В то самое время, как сцена, описанная нами в предыдущей главе, происходила в комнате больного, Блюуатер вместе с миссис Доттон и Милдред отправился домой в дедовской карете баронета. Он ни под каким видом не хотел уступить своей давнишней привычке нигде не ночевать, как только на судне, — и таким образом, отправляясь к берегу, предложил своим прекрасным собеседницам места в карете, чтоб завезти их домой. Причина такого предложения заключалась в желании адмирала избавить их от дальнейших нападок корыстолюбивого отца и мужа, по крайней мере до тех пор, пока он будет находиться в лучшем расположении духа, и, пока карета медленно приближалась к дому, Блюуатеру пришлось выслушать много рассказов с прекрасных качествах баронета. Наконец, экипаж остановился у дверей дома Доттона, и все трое вышли.
Хотя утро того дня и было несколько туманное, но солнце закатилось за тем безоблачным и светлым небосклоном, который так часто лежит очаровательным сводом над островом Великобритании. Ночь была ясная, лунная. Расстилавшаяся перед глазами наших спутников равнина представляла волнистые возвышения, покрытые свежей, мягкой зеленью.
— Какая чудная ночь! — воскликнул Блюуатер, помогая Милдред выйти из экипажа. — Кажется, как бы приятно ни качалась в эту минуту койка, но ее не скоро захочется занять.
— И немудрено, в эти минуты нам вовсе не до сна, — отвечала печально Милдред. — Эта дивная прелесть ночи и усталого заставит забыть о сне.
— Мне приятно слышать, что вы согласны со мной, Милдред, — сказал Блюуатер, называя свою собеседницу, сам того не замечая, дружески, просто по имени, без всяких титулов.

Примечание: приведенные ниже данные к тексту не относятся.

lemma SS_iff: "I \<in> SS \<longleftrightarrow> comp I 0 = 0 \<and> norm I = 1"
proof
  assume "I \<in> SS"
  then have sq: "((comp I 0)\<^sup>2 - (norm (oIm I))\<^sup>2) *\<^sub>R ebas 0 + (2 * comp I 0) *\<^sub>R oIm I = - ebas 0"
    by (simp add: SS_def omul_self)
  have re: "(comp I 0)\<^sup>2 - (norm (oIm I))\<^sup>2 = -1"
    using arg_cong[OF sq, of "\<lambda>v. comp v 0"] by (simp add: comp_ebas)
  have im: "comp I 0 *\<^sub>R oIm I = 0"
    using arg_cong[OF sq, of oIm] by (simp add: oIm_add oIm_scaleR oIm_minus)
  have "comp I 0 = 0"
  proof (rule ccontr)
    assume "comp I 0 \<noteq> 0"
    with im re have "(comp I 0)\<^sup>2 = -1" by simp
    then show False using zero_le_power2[of "comp I 0"] by linarith
  qed
  with re show "comp I 0 = 0 \<and> norm I = 1"
    using norm_ge_zero[of I] by (auto simp: oIm_eq_self power2_eq_1_iff)
next
  assume "comp I 0 = 0 \<and> norm I = 1"
  then show "I \<in> SS"
    by (simp add: SS_def omul_self oIm_eq_self)
qed

lemma omul_imag_anticommute:
  assumes "comp a 0 = 0" and "comp b 0 = 0"
  shows "omul a (omul b x) + omul b (omul a x) = - (2 * inner a b) *\<^sub>R x"
proof -
  have "omul (a + b) (omul (a + b) x)
      = omul a (omul a x) + omul b (omul b x) + (omul a (omul b x) + omul b (omul a x))"
    by (simp add: omul.add_left omul.add_right algebra_simps)
  moreover have "(norm (a + b))\<^sup>2 = (norm a)\<^sup>2 + 2 * inner a b + (norm b)\<^sup>2"
    by (simp add: power2_norm_eq_inner inner_add_left inner_add_right inner_commute)
  ultimately show ?thesis
    using omul_imag_twice[of "a + b" x] omul_imag_twice[of a x] omul_imag_twice[of b x] assms
    by (simp add: algebra_simps)
qed

lemma inner_ebas: "m < 8 \<Longrightarrow> n < 8 \<Longrightarrow> inner (ebas m) (ebas n) = (if m = n then 1 else 0)"
  by (simp add: ebas_def inner_axis_axis inj_on_eq_iff[OF inj_on_oidx])

lemma norm_ebas [simp]: "norm (ebas m) = 1"
  by (simp add: ebas_def)

lemma omul_ebas_ebas: "1 \<le> m \<Longrightarrow> m < 8 \<Longrightarrow> omul (ebas m) (omul (ebas m) x) = - x"
  using omul_imag_twice[of "ebas m" x] by (simp add: comp_ebas)

lemma omul_ebas_ebas_ebas:
  assumes "1 \<le> m" "m < 8" "1 \<le> n" "n < 8" "m \<noteq> n"
  shows "omul (ebas m) (omul (ebas n) (omul (ebas m) x)) = omul (ebas n) x"
proof -
  have "omul (ebas m) (omul (ebas n) y) = - omul (ebas n) (omul (ebas m) y)" for y
    using omul_imag_anticommute[of "ebas m" "ebas n" y] assms
    by (simp add: comp_ebas inner_ebas eq_neg_iff_add_eq_0)
  then show ?thesis
    using omul_ebas_ebas[of m x] assms by (simp add: omul.minus_right)
qed

section \<open>The operator Gamma\<close>

lemma sum_pairs_atLeastAtMost_1_7:
  fixes a :: "nat \<Rightarrow> oct"
  shows "(\<Sum>m\<in>{1..7}. \<Sum>n\<in>{m<..7}. a m + a n) = 6 *\<^sub>R (\<Sum>h\<in>{1..7}. a h)"
proof -
  have "(\<Sum>m\<in>{1..7}. \<Sum>n\<in>{m<..7}. c m + c n) = 6 * (\<Sum>h\<in>{1..7}. c h)" for c :: "nat \<Rightarrow> real"
    by (simp add: sum_atLeastAtMost_1_7 sum.atLeast_Suc_atMost
        flip: atLeastSucAtMost_greaterThanAtMost)
  then show ?thesis
    by (simp add: oct_eq_iff)
qed

lemma Gamma_eq_if_Lop_eq:
  assumes Lop: "\<And>m n. 1 \<le> m \<Longrightarrow> m < n \<Longrightarrow> n \<le> 7 \<Longrightarrow>
      Lop m n f w = omul (comp w m *\<^sub>R ebas n - comp w n *\<^sub>R ebas m) X"
  shows "Gamma f w = 6 *\<^sub>R omul (oIm w) X"
proof -
  define a where "a h = comp w h *\<^sub>R omul (ebas h) X" for h
  have pair: "omul (ebas m) (omul (ebas n) (Lop m n f w)) = - (a m + a n)"
    if "m \<in> {1..7}" "n \<in> {m<..7}" for m n
    using that Lop[of m n] omul_ebas_ebas[of n X] omul_ebas_ebas_ebas[of m n X]
    by (simp add: a_def omul.diff_left omul.diff_right omul.scaleR_left omul.scaleR_right
        omul.minus_right)
  have "Gamma f w = - (\<Sum>m\<in>{1..7}. \<Sum>n\<in>{m<..7}. - (a m + a n))"
    unfolding Gamma_def using pair by (intro arg_cong[where f = uminus] sum.cong refl) auto
  also have "\<dots> = 6 *\<^sub>R (\<Sum>h\<in>{1..7}. a h)"
    by (simp only: sum_negf minus_minus sum_pairs_atLeastAtMost_1_7)
  also have "\<dots> = 6 *\<^sub>R omul (oIm w) X"
    by (simp add: oIm_def omul.sum_left omul.scaleR_left a_def)
  finally show ?thesis .
qed

lemma differentiable_comp [simp]: "(\<lambda>x. comp x k) differentiable (at w)"
  by (rule bounded_linear_imp_differentiable[OF bounded_linear_comp])

lemma differentiable_omul:
  "f differentiable (at w) \<Longrightarrow> g differentiable (at w) \<Longrightarrow> (\<lambda>y. omul (f y) (g y)) differentiable (at w)"
  unfolding differentiable_def using omul.FDERIV by blast

lemma differentiable_oinv: "a \<noteq> 0 \<Longrightarrow> oinv differentiable (at a)"
proof -
  assume "a \<noteq> 0"
  have "(\<lambda>x. inverse (inner x x) *\<^sub>R (comp x 0 *\<^sub>R ebas 0 - oIm x)) differentiable (at a)"
    using \<open>a \<noteq> 0\<close> bounded_linear_imp_differentiable[OF bounded_linear_oIm]
    by (intro differentiable_scaleR differentiable_inverse differentiable_inner differentiable_diff
        differentiable_comp differentiable_const differentiable_ident) auto
  moreover have "oinv = (\<lambda>x. inverse (inner x x) *\<^sub>R (comp x 0 *\<^sub>R ebas 0 - oIm x))"
    by (simp add: fun_eq_iff oinv_def oconj_def power2_norm_eq_inner divide_inverse)
  ultimately show ?thesis by simp
qed

lemma differentiable_Lop:
  "pd m f differentiable (at w) \<Longrightarrow> pd n f differentiable (at w) \<Longrightarrow> Lop m n f differentiable (at w)"
  unfolding Lop_def[abs_def]
  by (intro differentiable_diff differentiable_scaleR differentiable_comp)

lemma differentiable_Gamma:
  "(\<And>i. i < 8 \<Longrightarrow> pd i f differentiable (at w)) \<Longrightarrow> Gamma f differentiable (at w)"
  unfolding Gamma_def[abs_def]
  by (intro differentiable_minus differentiable_sum ballI finite_atLeastAtMost
      finite_greaterThanAtMost differentiable_omul differentiable_const differentiable_Lop) auto

lemma differentiable_Im_inverse_Gamma:
  assumes "\<And>i. i < 8 \<Longrightarrow> pd i f differentiable (at w)" and "oIm w \<noteq> 0"
  shows "(\<lambda>y. omul (oinv (oIm y)) (Gamma f y)) differentiable (at w)"
  using assms bounded_linear_imp_differentiable[OF bounded_linear_oIm]
  by (intro differentiable_omul differentiable_Gamma differentiable_compose[of oinv oIm]
      differentiable_oinv) auto

lemma differentiable_minus_Gamma:
  assumes "f differentiable (at w)" and "\<And>i. i < 8 \<Longrightarrow> pd i f differentiable (at w)"
  shows "(\<lambda>y. f y - (1/6) *\<^sub>R Gamma f y) differentiable (at w)"
  using assms
  by (intro differentiable_diff differentiable_scaleR differentiable_const differentiable_Gamma)

section \<open>Rotations in coordinate planes\<close>

definition imag_sphere :: "real \<Rightarrow> real \<Rightarrow> oct set" where
  "imag_sphere \<alpha> r = {w. comp w 0 = \<alpha> \<and> norm (oIm w) = r}"

(* Rotation by the angle t in the plane spanned by e_m and e_n. Its velocity at the point x is
   x_m e_n - x_n e_m, the direction in which L_mn differentiates. *)
definition rotation :: "nat \<Rightarrow> nat \<Rightarrow> oct \<Rightarrow> real \<Rightarrow> oct" where
  "rotation m n z t = z + (cos t - 1) *\<^sub>R (comp z m *\<^sub>R ebas m + comp z n *\<^sub>R ebas n)
     + sin t *\<^sub>R (comp z m *\<^sub>R ebas n - comp z n *\<^sub>R ebas m)"

lemma comp_rotation:
  assumes "j < 8" "m < 8" "n < 8" "m \<noteq> n"
  shows "comp (rotation m n z t) j =
    (if j = m then cos t * comp z m - sin t * comp z n
     else if j = n then cos t * comp z n + sin t * comp z m else comp z j)"
  using assms by (auto simp: rotation_def comp_ebas algebra_simps)

lemma rotation_0 [simp]: "rotation m n z 0 = z"
  by (simp add: rotation_def)

lemma rotation_has_vector_derivative:
  assumes "m < 8" "n < 8" "m \<noteq> n"
  shows "(rotation m n z has_vector_derivative
      comp (rotation m n z t) m *\<^sub>R ebas n - comp (rotation m n z t) n *\<^sub>R ebas m) (at t)"
proof -
  have "(rotation m n z has_vector_derivative
      - sin t *\<^sub>R (comp z m *\<^sub>R ebas m + comp z n *\<^sub>R ebas n)
      + cos t *\<^sub>R (comp z m *\<^sub>R ebas n - comp z n *\<^sub>R ebas m)) (at t)"
    unfolding rotation_def[abs_def]
    by (auto intro!: derivative_eq_intros simp: has_vector_derivative_def algebra_simps)
  then show ?thesis
    using assms by (simp add: comp_rotation algebra_simps)
qed

lemma sum_cong_except_pair:
  assumes "finite A" "m \<in> A" "n \<in> A" "m \<noteq> n"
    and "\<And>k. k \<in> A \<Longrightarrow> k \<noteq> m \<Longrightarrow> k \<noteq> n \<Longrightarrow> f k = g k" and "f m + f n = g m + g n"
  shows "sum f A = sum g A"
proof -
  have split: "sum h A = sum h (A - {m, n}) + (h m + h n)" for h :: "'a \<Rightarrow> 'b"
    using assms(1-4) sum.subset_diff[of "{m, n}" A h] by simp
  have "sum f (A - {m, n}) = sum g (A - {m, n})"
    using assms(5) by (intro sum.cong) auto
  then show ?thesis
    using split[of f] split[of g] assms(6) by simp
qed

lemma rotation_in_imag_sphere:
  assumes "1 \<le> m" "m < 8" "1 \<le> n" "n < 8" "m \<noteq> n" and "z \<in> imag_sphere \<alpha> r"
  shows "rotation m n z t \<in> imag_sphere \<alpha> r"
proof -
  have trig: "(cos t * a - sin t * b)\<^sup>2 + (cos t * b + sin t * a)\<^sup>2 = a\<^sup>2 + b\<^sup>2" for a b
  proof -
    have "(cos t * a - sin t * b)\<^sup>2 + (cos t * b + sin t * a)\<^sup>2 = ((sin t)\<^sup>2 + (cos t)\<^sup>2) * (a\<^sup>2 + b\<^sup>2)"
      by algebra
    then show ?thesis by simp
  qed
  have "(\<Sum>k\<in>{1..7}. (comp (rotation m n z t) k)\<^sup>2) = (\<Sum>k\<in>{1..7}. (comp z k)\<^sup>2)"
    using assms(1-5) by (intro sum_cong_except_pair[of _ m n]) (auto simp: comp_rotation trig)
  then have "norm (oIm (rotation m n z t)) = norm (oIm z)"
    by (simp flip: norm_oIm_squared)
  moreover have "comp (rotation m n z t) 0 = comp z 0"
    using assms(1-5) by (simp add: comp_rotation)
  ultimately show ?thesis
    using assms(6) by (simp add: imag_sphere_def)
qed

lemma Lop_eq_derivative:
  assumes "(g has_derivative g') (at w)"
  shows "Lop m n g w = g' (comp w m *\<^sub>R ebas n - comp w n *\<^sub>R ebas m)"
proof -
  have "pd k g w = g' (ebas k)" for k
    unfolding pd_def using frechet_derivative_at[OF assms] by simp
  with has_derivative_linear[OF assms] show ?thesis
    by (simp add: Lop_def linear_diff linear_scale)
qed

lemma Lop_const [simp]: "Lop m n (\<lambda>_. c) w = 0"
  using Lop_eq_derivative[OF has_derivative_const] by simp

lemma has_vector_derivative_Lop_rotation:
  assumes "m < 8" "n < 8" "m \<noteq> n" and "g differentiable (at (rotation m n z t))"
  shows "((\<lambda>s. g (rotation m n z s)) has_vector_derivative Lop m n g (rotation m n z t)) (at t)"
proof -
  obtain g' where g': "(g has_derivative g') (at (rotation m n z t))"
    using assms(4) by (auto simp: differentiable_def)
  have "((g \<circ> rotation m n z) has_vector_derivative
      g' (comp (rotation m n z t) m *\<^sub>R ebas n - comp (rotation m n z t) n *\<^sub>R ebas m)) (at t)"
    by (rule vector_derivative_diff_chain_within[OF rotation_has_vector_derivative[OF assms(1-3)]
        has_derivative_at_withinI[OF g']])
  then show ?thesis
    by (simp add: o_def Lop_eq_derivative[OF g'])
qed

lemma Lop_eq_if_eq_on_imag_sphere:
  assumes "1 \<le> m" "m < 8" "1 \<le> n" "n < 8" "m \<noteq> n" and "w \<in> imag_sphere \<alpha> r"
    and "f differentiable (at w)" "g differentiable (at w)"
    and "\<And>y. y \<in> imag_sphere \<alpha> r \<Longrightarrow> f y = g y"
  shows "Lop m n f w = Lop m n g w"
proof -
  have "(\<lambda>s. f (rotation m n w s)) = (\<lambda>s. g (rotation m n w s))"
    using assms rotation_in_imag_sphere by auto
  then show ?thesis
    using has_vector_derivative_Lop_rotation[of m n f w 0]
      has_vector_derivative_Lop_rotation[of m n g w 0] assms vector_derivative_unique_at
    by fastforce
qed

lemma rotation_invariant_if_Lop_eq_0:
  assumes "1 \<le> m" "m < 8" "1 \<le> n" "n < 8" "m \<noteq> n" and "z \<in> imag_sphere \<alpha> r"
    and "\<And>y. y \<in> imag_sphere \<alpha> r \<Longrightarrow> g differentiable (at y) \<and> Lop m n g y = 0"
  shows "g (rotation m n z t) = g z"
proof -
  have "((\<lambda>s. g (rotation m n z s)) has_derivative (\<lambda>h. 0)) (at s)" for s
    using has_vector_derivative_Lop_rotation[of m n g z s] assms
      rotation_in_imag_sphere[OF assms(1-6)]
    by (simp add: has_vector_derivative_def)
  then obtain c where "\<forall>s. g (rotation m n z s) = c"
    using has_derivative_zero_constant[of UNIV "\<lambda>s. g (rotation m n z s)"] by auto
  then show ?thesis
    by (metis rotation_0)
qed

С отъехавшей каретой снова наступила тишина и спокойствие. Госпожа Доттон отправилась домой, к своим домашним занятиям, между тем как контр-адмирал предложил Милдред руку, и они подошли вместе к краю обрыва.
Редко моряку удается видеть при лунном свете картину природы великолепнее той, которая представлялась в эту минуту взорам Блюуатера и Милдред. Перед их глазами предстал великолепный флот, тихо покачивающийся на якорях; шестнадцать парусов различной величины и формы колыхались в воздухе и обнаруживали тот удивительный порядок, царствовавший во всей эскадре, который умеет внушить хороший начальник даже самым ленивым и неповоротливым матросам.